Listed entries START

lemma phi_Ico_split:
  assumes "admissible lam g c d" "m \<in> Gam lam" "c \<le> m" "m \<le> d"
  shows "phi_Ico g c d = phi_Ico g c m + phi_Ico g m d"
proof -
  have "admissible lam g c m" "admissible lam g m d" using assms unfolding admissible_def by auto
  note sum = phi_addE[OF Qalg_admissible[OF this(1)] Qalg_admissible[OF this(2)]]
  have "indicator {c..<d} = (\<lambda>t. indicator {c..<m} t + (indicator {m..<d} t :: complex))"
    using assms(3,4) by (auto simp: fun_eq_iff indicator_def)
  then show ?thesis
    unfolding phi_Ico_def using sum by (simp add: addE_fdelta)
qed

lemma gauge_ext_i_beta: "gauge_ext (\<i> * of_real \<beta>) (fdelta f h) = scaleE (kms_factor (fst h)) (fdelta f h)"
proof -
  have "exp (\<i> * of_int (fst h) * (\<i> * of_real \<beta>)) = kms_factor (fst h)"
    unfolding kms_factor_def by (simp add: exp_of_real[symmetric] algebra_simps)
  then show ?thesis unfolding gauge_ext_fdelta scaleE_fdelta by simp
qed

lemma KMS_fdelta:
  assumes "Qalg lam (fdelta f g)" "Qalg lam (fdelta f' h)"
    "Qalg lam (fdelta (\<lambda>t. f t * alpha lam g f' t) (gmul lam g h))"
  shows "kms_factor (fst h) * \<phi> (fdelta (\<lambda>t. f t * alpha lam g f' t) (gmul lam g h))
       = \<phi> (fdelta (\<lambda>t. f' t * alpha lam h f t) (gmul lam h g))"
proof -
  have "\<phi> (conv lam (fdelta f g) (gauge_ext (\<i> * of_real \<beta>) (fdelta f' h)))
      = \<phi> (conv lam (fdelta f' h) (fdelta f g))"
    using KMS assms(1,2) unfolding is_KMS_def by blast
  moreover have "conv lam (fdelta f g) (gauge_ext (\<i> * of_real \<beta>) (fdelta f' h))
      = scaleE (kms_factor (fst h)) (fdelta (\<lambda>t. f t * alpha lam g f' t) (gmul lam g h))"
    unfolding gauge_ext_i_beta scaleE_fdelta conv_fdelta[OF lam_nonzero]
    by (simp add: alpha_def mult.left_commute)
  ultimately show ?thesis
    using phi_scaleE[OF assms(3)] by (simp add: conv_fdelta[OF lam_nonzero])
qed
lemma Cmat_Ctilde_comparable:
  assumes ell: "\<And>\<xi>. (1 / \<Lambda>) * (\<Sum>i<p 0. (\<xi> i)\<^sup>2) \<le> (\<Sum>i<p 0. \<Sum>j<p 0. a i j z * \<xi> i * \<xi> j)
       \<and> (\<Sum>i<p 0. \<Sum>j<p 0. a i j z * \<xi> i * \<xi> j) \<le> \<Lambda> * (\<Sum>i<p 0. (\<xi> i)\<^sup>2)"
    and sym: "\<And>i j. i < p 0 \<Longrightarrow> j < p 0 \<Longrightarrow> a i j z = a j i z"
    and Lam: "1 \<le> \<Lambda>" and t: "0 \<le> t"
    and cmp: "\<And>y. gram_form B0f t y / 4 \<le> gram_form Bf t y \<and> gram_form Bf t y \<le> 3 * gram_form B0f t y"
    and x: "x \<in> carrier_vec N"
  defines "M \<equiv> (4 * \<Lambda>) ^ N"
  shows "(1 / M) * ((Ctilde N B r p t *\<^sub>v x) \<bullet> x) \<le> (Cmat N B (p 0) a z t *\<^sub>v x) \<bullet> x
   \<and> (Cmat N B (p 0) a z t *\<^sub>v x) \<bullet> x \<le> M * ((Ctilde N B r p t *\<^sub>v x) \<bullet> x)
   \<and> (1 / M) * det (Ctilde N B r p t) \<le> det (Cmat N B (p 0) a z t)
   \<and> det (Cmat N B (p 0) a z t) \<le> M * det (Ctilde N B r p t)"
proof -
  let ?Ct = "Ctilde N B r p t" and ?Cm = "Cmat N B (p 0) a z t"
  have K: "0 < 4 * \<Lambda>" and KM: "4 * \<Lambda> \<le> M"
    using Lam one_le_N power_increasing[of 1 N "4 * \<Lambda>"] unfolding M_def by auto
  have M: "0 < M" using K KM by linarith
  have qcmp: "quad_form N ?Ct y \<le> 4 * \<Lambda> * quad_form N ?Cm y \<and> quad_form N ?Cm y \<le> 4 * \<Lambda> * quad_form N ?Ct y"
    for y by (rule quad_form_Cmat_Ctilde_comparable[where a = a and z = z, OF ell Lam t cmp])
  have Pge: "0 \<le> quad_form N ?Ct y" for y unfolding quad_form_Ctilde by (rule gram_form_nonneg[OF t])
  have "0 \<le> quad_form N ?Cm y" for y
    using qcmp[of y] Pge[of y] K by (smt (verit) mult_pos_neg)
  then have qM: "quad_form N ?Ct y \<le> M * quad_form N ?Cm y \<and> quad_form N ?Cm y \<le> M * quad_form N ?Ct y" for y
    using qcmp[of y] Pge[of y] mult_right_mono[OF KM] by (meson order_trans)
  have dM: "det ?Ct \<le> M * det ?Cm \<and> det ?Cm \<le> M * det ?Ct"
  proof (cases "t = 0")
    case True
    then show ?thesis
      using one_le_N by (simp add: Ctilde_def Cmat_def covar_zero)
  next
    case False
    show ?thesis
      unfolding M_def
      by (rule det_comparable_of_quad_form_comparable[OF Cmat_carrier Ctilde_carrier sym_mat_Cmat[where a = a and z = z, OF sym]
            sym_mat_Ctilde pos_def_mat_Ctilde K])
         (use qcmp False t in auto)
  qed
  show ?thesis
    unfolding quad_form_eq_scalar_prod[OF Ctilde_carrier x] quad_form_eq_scalar_prod[OF Cmat_carrier x]
    using qM[of "\<lambda>i. x $ i"] dM M by (simp add: pos_divide_le_eq mult.commute)
qed

end

theorem lemma9:
  fixes N r :: nat and p :: "nat \<Rightarrow> nat" and B :: "real mat"
    and a :: "nat \<Rightarrow> nat \<Rightarrow> real Matrix.vec \<Rightarrow> real" and \<Lambda> :: real
  assumes bs: "block_structure N B r p"
    and p0: "1 \<le> p 0" "p 0 \<le> N"
    and Lam: "\<Lambda> \<ge> 1"
    and sym: "\<And>z i j. z \<in> carrier_vec (N + 1) \<Longrightarrow> i < p 0 \<Longrightarrow> j < p 0 \<Longrightarrow> a i j z = a j i z"
    and ell: "\<And>z \<xi>. z \<in> carrier_vec (N + 1) \<Longrightarrow>
       (1 / \<Lambda>) * (\<Sum>i<p 0. (\<xi> i)\<^sup>2) \<le> (\<Sum>i<p 0. \<Sum>j<p 0. a i j z * \<xi> i * \<xi> j)
       \<and> (\<Sum>i<p 0. \<Sum>j<p 0. a i j z * \<xi> i * \<xi> j) \<le> \<Lambda> * (\<Sum>i<p 0. (\<xi> i)\<^sup>2)"
  shows "\<exists>M\<ge>1. \<exists>T>0. \<forall>x\<in>carrier_vec N. \<forall>z0\<in>carrier_vec (N + 1). \<forall>t\<in>{0..T}.
     (1 / M) * ((Ctilde N B r p t *\<^sub>v x) \<bullet> x) \<le> (Cmat N B (p 0) a z0 t *\<^sub>v x) \<bullet> x
   \<and> (Cmat N B (p 0) a z0 t *\<^sub>v x) \<bullet> x \<le> M * ((Ctilde N B r p t *\<^sub>v x) \<bullet> x)
   \<and> (1 / M) * det (Ctilde N B r p t) \<le> det (Cmat N B (p 0) a z0 t)
   \<and> det (Cmat N B (p 0) a z0 t) \<le> M * det (Ctilde N B r p t)"
proof -
  interpret block_matrix N B r p by unfold_locales (rule bs)
  obtain T where T: "0 < T" and cmp: "\<And>t x. 0 \<le> t \<Longrightarrow> t \<le> T \<Longrightarrow>
      gram_form B0f t x / 4 \<le> gram_form Bf t x \<and> gram_form Bf t x \<le> 3 * gram_form B0f t x"
    using gram_form_comparable_small_time by blast
  have M: "1 \<le> (4 * \<Lambda>) ^ N" using Lam by (intro one_le_power) simp
  have main: "(1 / (4 * \<Lambda>) ^ N) * ((Ctilde N B r p t *\<^sub>v x) \<bullet> x) \<le> (Cmat N B (p 0) a z0 t *\<^sub>v x) \<bullet> x
   \<and> (Cmat N B (p 0) a z0 t *\<^sub>v x) \<bullet> x \<le> (4 * \<Lambda>) ^ N * ((Ctilde N B r p t *\<^sub>v x) \<bullet> x)
   \<and> (1 / (4 * \<Lambda>) ^ N) * det (Ctilde N B r p t) \<le> det (Cmat N B (p 0) a z0 t)
   \<and> det (Cmat N B (p 0) a z0 t) \<le> (4 * \<Lambda>) ^ N * det (Ctilde N B r p t)"
    if x: "x \<in> carrier_vec N" and z0: "z0 \<in> carrier_vec (N + 1)" and t: "t \<in> {0..T}" for x z0 t
    by (rule Cmat_Ctilde_comparable[where a = a and z = z0, OF ell[OF z0] sym[OF z0] Lam _ cmp x]) (use t in auto)
  show ?thesis
    by (intro exI[of _ "(4 * \<Lambda>) ^ N"] conjI M exI[of _ T] T ballI main)
qed

end
lemma tri_eigenpair_agmon_closed_interval:
  assumes ep: "tri_eigenpair h lam psi" and h: "h > 0" and G: "G \<ge> 0"
    and lam: "\<bar>lam - 1/8\<bar> \<le> G * h powr (2/3)"
    and eta: "eta > 0" "eta^2 \<le> tri_slope / 3"
    and st: "tri_a < s" "t < 0"
  shows "(\<integral>\<^sup>+ x \<in> {s..t}. ennreal (agmon_density eta h psi x) \<partial>lborel)
     \<le> ennreal (2 * agmon_const tri_slope G eta) * (\<integral>\<^sup>+ x \<in> {tri_a<..<0}. ennreal ((cmod (psi x))^2) \<partial>lborel)"
proof (cases "s \<le> t")
  case False
  then show ?thesis by simp
next
  case True
  obtain a b where a: "tri_a < a" "a < s" "0 \<le> Re (dx psi a * cnj (psi a))"
    and b: "t < b" "b < 0" "Re (dx psi b * cnj (psi b)) \<le> 0"
    using tri_eigenpair_flux_sign_points[OF ep st(1) True st(2)] .
  have ab: "a \<le> b" using a b True by linarith
  have sub: "{a..b} \<subseteq> {tri_a<..<0}" using a b by auto
  note cont = continuous_on_subset[OF tri_eigenpair_continuous(1)[OF ep] sub]
    continuous_on_subset[OF tri_eigenpair_continuous(2)[OF ep] sub]
  have U_int: "integral {a..b} (\<lambda>x. (cmod (psi x))^2) \<ge> 0"
    by (rule integral_nonneg[OF integrable_continuous_interval[OF cont(1)]]) simp
  have "(\<integral>\<^sup>+ x \<in> {s..t}. ennreal (agmon_density eta h psi x) \<partial>lborel)
      \<le> (\<integral>\<^sup>+ x \<in> {a..b}. ennreal (agmon_density eta h psi x) \<partial>lborel)"
    using a b by (intro nn_integral_mono) (auto split: split_indicator)
  also have "\<dots> = ennreal (integral {a..b} (agmon_density eta h psi))"
    using cont(2) agmon_density_nonneg by (rule set_nn_integral_eq_integral)
  also have "\<dots> \<le> ennreal (2 * agmon_const tri_slope G eta * integral {a..b} (\<lambda>x. (cmod (psi x))^2))"
    using tri_eigenpair_agmon_integral[OF ep h G lam eta a(1) ab b(2) a(3) b(3)]
    by (rule ennreal_leI)
  also have "\<dots> = ennreal (2 * agmon_const tri_slope G eta)
      * (\<integral>\<^sup>+ x \<in> {a..b}. ennreal ((cmod (psi x))^2) \<partial>lborel)"
    unfolding set_nn_integral_eq_integral[OF cont(1) zero_le_power2]
    using agmon_const_pos[OF G, of tri_slope eta] U_int by (intro ennreal_mult) auto
  also have "\<dots> \<le> ennreal (2 * agmon_const tri_slope G eta)
      * (\<integral>\<^sup>+ x \<in> {tri_a<..<0}. ennreal ((cmod (psi x))^2) \<partial>lborel)"
    using sub by (intro mult_left_mono nn_integral_mono) (auto split: split_indicator)
  finally show ?thesis .
qed
lemma hist_expectation_take:
  "k \<le> n \<Longrightarrow> hist_expectation P K n (\<lambda>h. f (take k h)) = hist_expectation P K k f"
proof (induction n rule: dec_induct)
  case base
  show ?case by (rule hist_expectation_cong) (simp add: histories_def)
next
  case (step n)
  have "hist_expectation P K n (\<lambda>h. \<Sum>a<K. P h a * f (take k (h @ [a])))
      = hist_expectation P K n (\<lambda>h. f (take k h))"
  proof (rule hist_expectation_cong)
    fix h assume h: "h \<in> histories K n"
    hence "(\<Sum>a<K. P h a * f (take k (h @ [a]))) = (\<Sum>a<K. P h a) * f (take k h)"
      using step by (simp add: histories_def sum_distrib_right)
    thus "(\<Sum>a<K. P h a * f (take k (h @ [a]))) = f (take k h)"
      using h by (simp add: histories_def policy_simplex simplex_sum)
  qed
  thus ?case using step by (simp add: hist_expectation_Suc)
qed

lemma hist_expectation_prefix:
  assumes "k \<le> n" and "\<And>h. f (take k h) = f h"
  shows "hist_expectation P K n f = hist_expectation P K k f"
  using hist_expectation_take[OF assms(1), of f] assms(2) by simp
text \<open>
  Substituting \<open>t = x ln 2\<close> turns \<open>g\<close> into \<open>G t / sqrt (ln 2)\<close>, where
  \<open>G t = sqrt (t / (e\<^sup>t - 1)) (t e\<^sup>t - e\<^sup>t + 1)\<close>. The square of \<open>G\<close> has positive derivative
  and \<open>G\<close> grows from \<open>0\<close> to \<open>\<infinity>\<close>, so \<open>G\<close> takes every positive value exactly once.

  For fixed \<open>K\<close>, AM-GM in \<open>D = M - K\<close> bounds \<open>\<alpha> K (2\<^bsup>R/K\<^esup> - 1) / D + \<rho>\<^sub>r D\<close> below by
  \<open>2 sqrt (\<alpha> \<rho>\<^sub>r) sqrt (K (2\<^bsup>R/K\<^esup> - 1))\<close>, with equality exactly at the \<open>M\<close> of \<open>M'\<^sub>c\<^sub>s\<^sub>i\<close>.
  What remains is a function of \<open>K\<close> with derivative \<open>(\<rho>\<^sub>r + \<rho>\<^sub>d) - sqrt (\<alpha> \<rho>\<^sub>r / c) G (c / K)\<close>,
  \<open>c = R ln 2\<close>. Since \<open>G\<close> is increasing, it decreases up to \<open>K = c / t\<^sub>0 = R / x'\<close> and
  increases afterwards, so its minimiser over \<open>[1, K\<^sub>m\<^sub>a\<^sub>x]\<close> is \<open>R / x'\<close> clamped to that interval.
\<close>

definition G :: "real \<Rightarrow> real" where
  "G t = sqrt (t / (exp t - 1)) * (t * exp t - exp t + 1)"

lemma exp_defect_pos:
  fixes t :: real
  assumes "t > 0"
  shows "0 < t * exp t - exp t + 1"
proof -
  have "1 - t < exp (-t)" using exp_minus_greater[of t] assms by simp
  hence "(1 - t) * exp t < exp (-t) * exp t" by simp
  also have "\<dots> = 1" by (simp add: exp_minus field_simps)
  finally show ?thesis by (simp add: algebra_simps)
qed

lemma exp_defect_le:
  fixes t :: real
  shows "t * exp t - exp t + 1 \<le> t * (exp t - 1)"
  using exp_ge_add_one_self[of t] by (simp add: algebra_simps)

lemma exp_minus_one_pos:
  fixes t :: real
  shows "t > 0 \<Longrightarrow> 0 < exp t - 1"
  using exp_gt_one[of t] by simp

lemma G_pos: "t > 0 \<Longrightarrow> G t > 0"
  unfolding G_def using exp_defect_pos exp_minus_one_pos by simp

lemma G_squared:
  assumes "t > 0"
  shows "(G t)\<^sup>2 = t * (t * exp t - exp t + 1)\<^sup>2 / (exp t - 1)"
  using assms exp_minus_one_pos[OF assms]
  by (simp add: G_def power_mult_distrib)

lemma G_squared_deriv_pos:
  fixes t :: real
  assumes t: "t > 0"
  defines "a \<equiv> t * exp t - exp t + 1"
  shows "0 < ((a\<^sup>2 + 2 * t * a * (t * exp t)) * (exp t - 1) - t * a\<^sup>2 * exp t) / (exp t - 1)\<^sup>2"
proof -
  have a0: "a > 0" using exp_defect_pos[OF t] by (simp add: a_def)
  have e1: "exp t - 1 > 0" using exp_minus_one_pos[OF t] .
  have "a\<^sup>2 \<le> (t * (exp t - 1))\<^sup>2"
    using a0 exp_defect_le[of t] unfolding a_def by (intro power_mono) auto
  also have "\<dots> = t\<^sup>2 * (exp t - 1) * (exp t - 1)" by (simp add: power2_eq_square)
  also have "\<dots> < t\<^sup>2 * (exp t - 1) * (2 * exp t)"
    using t e1 exp_gt_zero[of t] by (intro mult_strict_left_mono) (linarith, simp)
  finally have "0 < 2 * t\<^sup>2 * exp t * (exp t - 1) - a\<^sup>2" by (simp add: algebra_simps)
  moreover have "(a\<^sup>2 + 2 * t * a * (t * exp t)) * (exp t - 1) - t * a\<^sup>2 * exp t
      = a * (2 * t\<^sup>2 * exp t * (exp t - 1) - a\<^sup>2)"
    unfolding a_def by (simp add: power2_eq_square algebra_simps)
  ultimately show ?thesis using a0 e1 by simp
qed

lemma G_strict_mono:
  fixes s t :: real
  assumes "0 < s" "s < t"
  shows "G s < G t"
proof -
  let ?P = "\<lambda>t. t * (t * exp t - exp t + 1)\<^sup>2 / (exp t - 1)"
  have "?P s < ?P t"
  proof (rule DERIV_pos_imp_increasing[OF assms(2)])
    fix x :: real assume "s \<le> x" "x \<le> t"
    hence x: "x > 0" using assms by simp
    have "(?P has_real_derivative
        (((x * exp x - exp x + 1)\<^sup>2 + 2 * x * (x * exp x - exp x + 1) * (x * exp x)) * (exp x - 1)
          - x * (x * exp x - exp x + 1)\<^sup>2 * exp x) / (exp x - 1)\<^sup>2) (at x)"
      using exp_minus_one_pos[OF x]
      by (auto intro!: derivative_eq_intros simp: power2_eq_square algebra_simps)
    then show "\<exists>y. DERIV ?P x :> y \<and> y > 0"
      using G_squared_deriv_pos[OF x] by blast
  qed
  hence "(G s)\<^sup>2 < (G t)\<^sup>2" using G_squared assms by simp
  thus ?thesis using G_pos[of t] assms power_less_imp_less_base by fastforce
qed

lemma G_eq_iff:
  assumes "s > 0" "t > 0"
  shows "G s = G t \<longleftrightarrow> s = t"
  using G_strict_mono[of s t] G_strict_mono[of t s] assms by (cases s t rule: linorder_cases) auto
lemma sheared_rep_share_if_crossing_edge:
  assumes uv: "(u, v) \<in> E'" and right: "right_edge p \<in> path_edges (Q u)"
    and up: "up_edge p \<in> path_edges (Q v)"
  shows "path_edges (sheared_rep E' Q u) \<inter> path_edges (sheared_rep E' Q v) \<noteq> {}"
proof -
  have "u \<in> V" "v \<in> V"
    using uv subgraph_facts by auto
  have "p \<in> set (Q u)"
    using right mem_path_edges_set unfolding right_edge_def by blast
  then have "neighbour_point E' Q v p"
    using uv unfolding neighbour_point_def by blast
  then have "{shear p, shear p + (1, 0)} \<in> path_edges (sheared_rep E' Q v)"
    using up_edge_step[OF \<open>v \<in> V\<close> up] first_edge_route_up[where s = "neighbour_point E' Q v"]
    unfolding sheared_rep_def path_edges_sheared_path by (auto intro!: bexI)
  moreover have "{shear p, shear p + (1, 0)} \<in> path_edges (sheared_rep E' Q u)"
    using right_edge_step[OF \<open>u \<in> V\<close> right] first_edge_route_right[where s = "neighbour_point E' Q u"]
    unfolding sheared_rep_def path_edges_sheared_path by (auto intro!: bexI)
  ultimately show ?thesis by blast
qed

lemma sheared_rep_share_if_edge:
  assumes uv: "(u, v) \<in> E'"
  shows "path_edges (sheared_rep E' Q u) \<inter> path_edges (sheared_rep E' Q v) \<noteq> {}"
proof -
  have "u \<in> V" "v \<in> V" "u \<noteq> v" "(u, v) \<in> E" "(v, u) \<in> E'"
    using uv subgraph_facts by (auto dest: symD)
  then obtain p where "p \<in> set (Q u)" "p \<in> set (Q v)"
    using proper unfolding proper_VPG_rep_def VPG_rep_def by blast
  from proper_crossing[OF \<open>u \<in> V\<close> \<open>v \<in> V\<close> \<open>u \<noteq> v\<close> this] show ?thesis
    using sheared_rep_share_if_crossing_edge[OF uv] sheared_rep_share_if_crossing_edge[OF \<open>(v, u) \<in> E'\<close>]
    by blast
qed

text \<open>If the upward route of v at p turns right first, some neighbour u' of v passes through p;
  by properness, u' can be neither v nor a third path through p, so u' is the path u that leaves
  p to the right.\<close>

lemma edge_if_neighbour_point:
  assumes "u \<in> V'" "v \<in> V'" "u \<noteq> v"
    and right: "right_edge p \<in> path_edges (Q u)" and up: "up_edge p \<in> path_edges (Q v)"
    and "neighbour_point E' Q v p"
  shows "(u, v) \<in> E'"
proof -
  obtain u' where u': "(u', v) \<in> E'" "p \<in> set (Q u')"
    using assms(6) unfolding neighbour_point_def by blast
  show ?thesis
  proof (rule ccontr)
    assume "(u, v) \<notin> E'"
    then have "u' \<noteq> u" "u' \<noteq> v" "u \<in> V" "u' \<in> V" "v \<in> V"
      using u' assms(1,2) subgraph_facts by auto
    moreover have "p \<in> set (Q u)"
      using right mem_path_edges_set unfolding right_edge_def by blast
    ultimately have "right_edge p \<in> path_edges (Q u) \<and> up_edge p \<in> path_edges (Q u') \<or>
        right_edge p \<in> path_edges (Q u') \<and> up_edge p \<in> path_edges (Q u)"
      using proper_crossing u'(2) by blast
    then show False
    proof
      assume "right_edge p \<in> path_edges (Q u) \<and> up_edge p \<in> path_edges (Q u')"
      then show False
        using up proper_edges_disjoint[of u' v] \<open>u' \<noteq> v\<close> \<open>u' \<in> V\<close> \<open>v \<in> V\<close> by blast
    next
      assume "right_edge p \<in> path_edges (Q u') \<and> up_edge p \<in> path_edges (Q u)"
      then show False
        using right proper_edges_disjoint[of u u'] \<open>u' \<noteq> u\<close> \<open>u' \<in> V\<close> \<open>u \<in> V\<close> by blast
    qed
  qed
qed

lemma edge_if_sheared_rep_share:
  assumes uv: "u \<in> V'" "v \<in> V'" "u \<noteq> v"
    and share: "path_edges (sheared_rep E' Q u) \<inter> path_edges (sheared_rep E' Q v) \<noteq> {}"
  shows "(u, v) \<in> E'"
proof -
  have "u \<in> V" "v \<in> V"
    using uv subgraph_facts by auto
  obtain e a b a' b' where e: "(a, b) \<in> steps (Q u)" "e \<in> path_edges (route (neighbour_point E' Q u) a b)"
      "(a', b') \<in> steps (Q v)" "e \<in> path_edges (route (neighbour_point E' Q v) a' b')"
    using share unfolding sheared_rep_def path_edges_sheared_path by blast
  have "right_or_up a b" "right_or_up a' b'"
    using staircase_steps stair \<open>u \<in> V\<close> \<open>v \<in> V\<close> e(1,3) by blast+
  from route_edges_meet[OF this e(2,4)] have "a' = a" and
    cases: "b' = b \<or> (b = (fst a + 1, snd a) \<and> b' = (fst a, snd a + 1) \<and> neighbour_point E' Q v a)
      \<or> (b = (fst a, snd a + 1) \<and> b' = (fst a + 1, snd a) \<and> neighbour_point E' Q u a)"
    by auto
  have edges: "{a, b} \<in> path_edges (Q u)" "{a, b'} \<in> path_edges (Q v)"
    using e(1,3) \<open>a' = a\<close> unfolding path_edges_steps by force+
  from cases show ?thesis
  proof (elim disjE conjE)
    assume "b' = b"
    then show ?thesis
      using edges proper_edges_disjoint[OF \<open>u \<in> V\<close> \<open>v \<in> V\<close> uv(3)] by blast
  next
    assume "b = (fst a + 1, snd a)" "b' = (fst a, snd a + 1)" "neighbour_point E' Q v a"
    then show ?thesis
      using edge_if_neighbour_point[OF uv] edges unfolding right_edge_def up_edge_def by simp
  next
    assume "b = (fst a, snd a + 1)" "b' = (fst a + 1, snd a)" "neighbour_point E' Q u a"
    then have "(v, u) \<in> E'"
      using edge_if_neighbour_point[OF uv(2,1) uv(3)[symmetric]] edges
      unfolding right_edge_def up_edge_def by simp
    then show ?thesis
      using subgraph_facts(3) by (auto dest: symD)
  qed
qed

lemma EPG_rep_sheared_rep: "EPG_rep (2 * w + h) (2 * h) V' E' (sheared_rep E' Q)"
  unfolding EPG_rep_def
proof (intro conjI ballI impI)
  fix v assume "v \<in> V'"
  then have "v \<in> V"
    using subgraph_facts(1) by blast
  then have "grid_path w h (Q v)"
    using proper unfolding proper_VPG_rep_def VPG_rep_def by simp
  then show "grid_path (2 * w + h) (2 * h) (sheared_rep E' Q v)"
    unfolding sheared_rep_def using stair[OF \<open>v \<in> V\<close>] by (rule grid_path_sheared_path)
next
  fix u v assume "u \<in> V'" "v \<in> V'" "u \<noteq> v"
  then show "(u, v) \<in> E' \<longleftrightarrow> path_edges (sheared_rep E' Q u) \<inter> path_edges (sheared_rep E' Q v) \<noteq> {}"
    using sheared_rep_share_if_edge[of u v] edge_if_sheared_rep_share[of u v] by blast
qed

end

theorem lemma2:
  fixes V :: "'v set" and E :: "('v \<times> 'v) set" and R :: "'v \<Rightarrow> vpath"
    and w h :: nat
  assumes "simple_graph V E"
    and "proper_VPG_rep w h V E R"
    and "\<forall>v \<in> V. xyp_monotone (R v)"
  shows "\<forall>V' E'. subgraph V' E' V E \<longrightarrow>
           (\<exists>R'. EPG_rep (2 * w + h) (2 * h) V' E' R' \<and> (\<forall>v \<in> V'. xyp_monotone (R' v)))"
proof (intro allI impI)
  fix V' E' assume sub: "subgraph V' E' V E"
  define Q where "Q v = (if staircase (R v) then R v else rev (R v))" for v
  have grid: "grid_path w h (R v)" if "v \<in> V" for v
    using assms(2) that unfolding proper_VPG_rep_def VPG_rep_def by simp
  have stair: "staircase (Q v)" if "v \<in> V" for v
    using xyp_monotone_staircase_or_rev[OF grid[OF that]] assms(3) that unfolding Q_def by auto
  have "proper_VPG_rep w h V E Q"
    by (rule proper_VPG_rep_reorient[OF assms(2)]) (simp add: Q_def)
  then have epg: "EPG_rep (2 * w + h) (2 * h) V' E' (sheared_rep E' Q)"
    using stair sub by (rule EPG_rep_sheared_rep)
  have "xyp_monotone (sheared_rep E' Q v)" if "v \<in> V'" for v
  proof (rule staircase_xyp_monotone)
    show "staircase (sheared_rep E' Q v)"
      using stair sub that unfolding sheared_rep_def subgraph_def by (auto intro: staircase_sheared_path)
    show "sheared_rep E' Q v \<noteq> []"
      using epg that unfolding EPG_rep_def grid_path_def by blast
  qed
  with epg show "\<exists>R'. EPG_rep (2 * w + h) (2 * h) V' E' R' \<and> (\<forall>v \<in> V'. xyp_monotone (R' v))"
    by blast
qed

end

Listed entries END

Work instruction:
If a line falls between the first line of the data above and the line holding "using KMS assms(1,2)", inclusive, retype it exactly; retype no other line.

Exercise response:
lemma phi_Ico_split:
  assumes "admissible lam g c d" "m \<in> Gam lam" "c \<le> m" "m \<le> d"
  shows "phi_Ico g c d = phi_Ico g c m + phi_Ico g m d"
proof -
  have "admissible lam g c m" "admissible lam g m d" using assms unfolding admissible_def by auto
  note sum = phi_addE[OF Qalg_admissible[OF this(1)] Qalg_admissible[OF this(2)]]
  have "indicator {c..<d} = (\<lambda>t. indicator {c..<m} t + (indicator {m..<d} t :: complex))"
    using assms(3,4) by (auto simp: fun_eq_iff indicator_def)
  then show ?thesis
    unfolding phi_Ico_def using sum by (simp add: addE_fdelta)
qed

lemma gauge_ext_i_beta: "gauge_ext (\<i> * of_real \<beta>) (fdelta f h) = scaleE (kms_factor (fst h)) (fdelta f h)"
proof -
  have "exp (\<i> * of_int (fst h) * (\<i> * of_real \<beta>)) = kms_factor (fst h)"
    unfolding kms_factor_def by (simp add: exp_of_real[symmetric] algebra_simps)
  then show ?thesis unfolding gauge_ext_fdelta scaleE_fdelta by simp
qed

lemma KMS_fdelta:
  assumes "Qalg lam (fdelta f g)" "Qalg lam (fdelta f' h)"
    "Qalg lam (fdelta (\<lambda>t. f t * alpha lam g f' t) (gmul lam g h))"
  shows "kms_factor (fst h) * \<phi> (fdelta (\<lambda>t. f t * alpha lam g f' t) (gmul lam g h))
       = \<phi> (fdelta (\<lambda>t. f' t * alpha lam h f t) (gmul lam h g))"
proof -
  have "\<phi> (conv lam (fdelta f g) (gauge_ext (\<i> * of_real \<beta>) (fdelta f' h)))
      = \<phi> (conv lam (fdelta f' h) (fdelta f g))"
    using KMS assms(1,2) unfolding is_KMS_def by blast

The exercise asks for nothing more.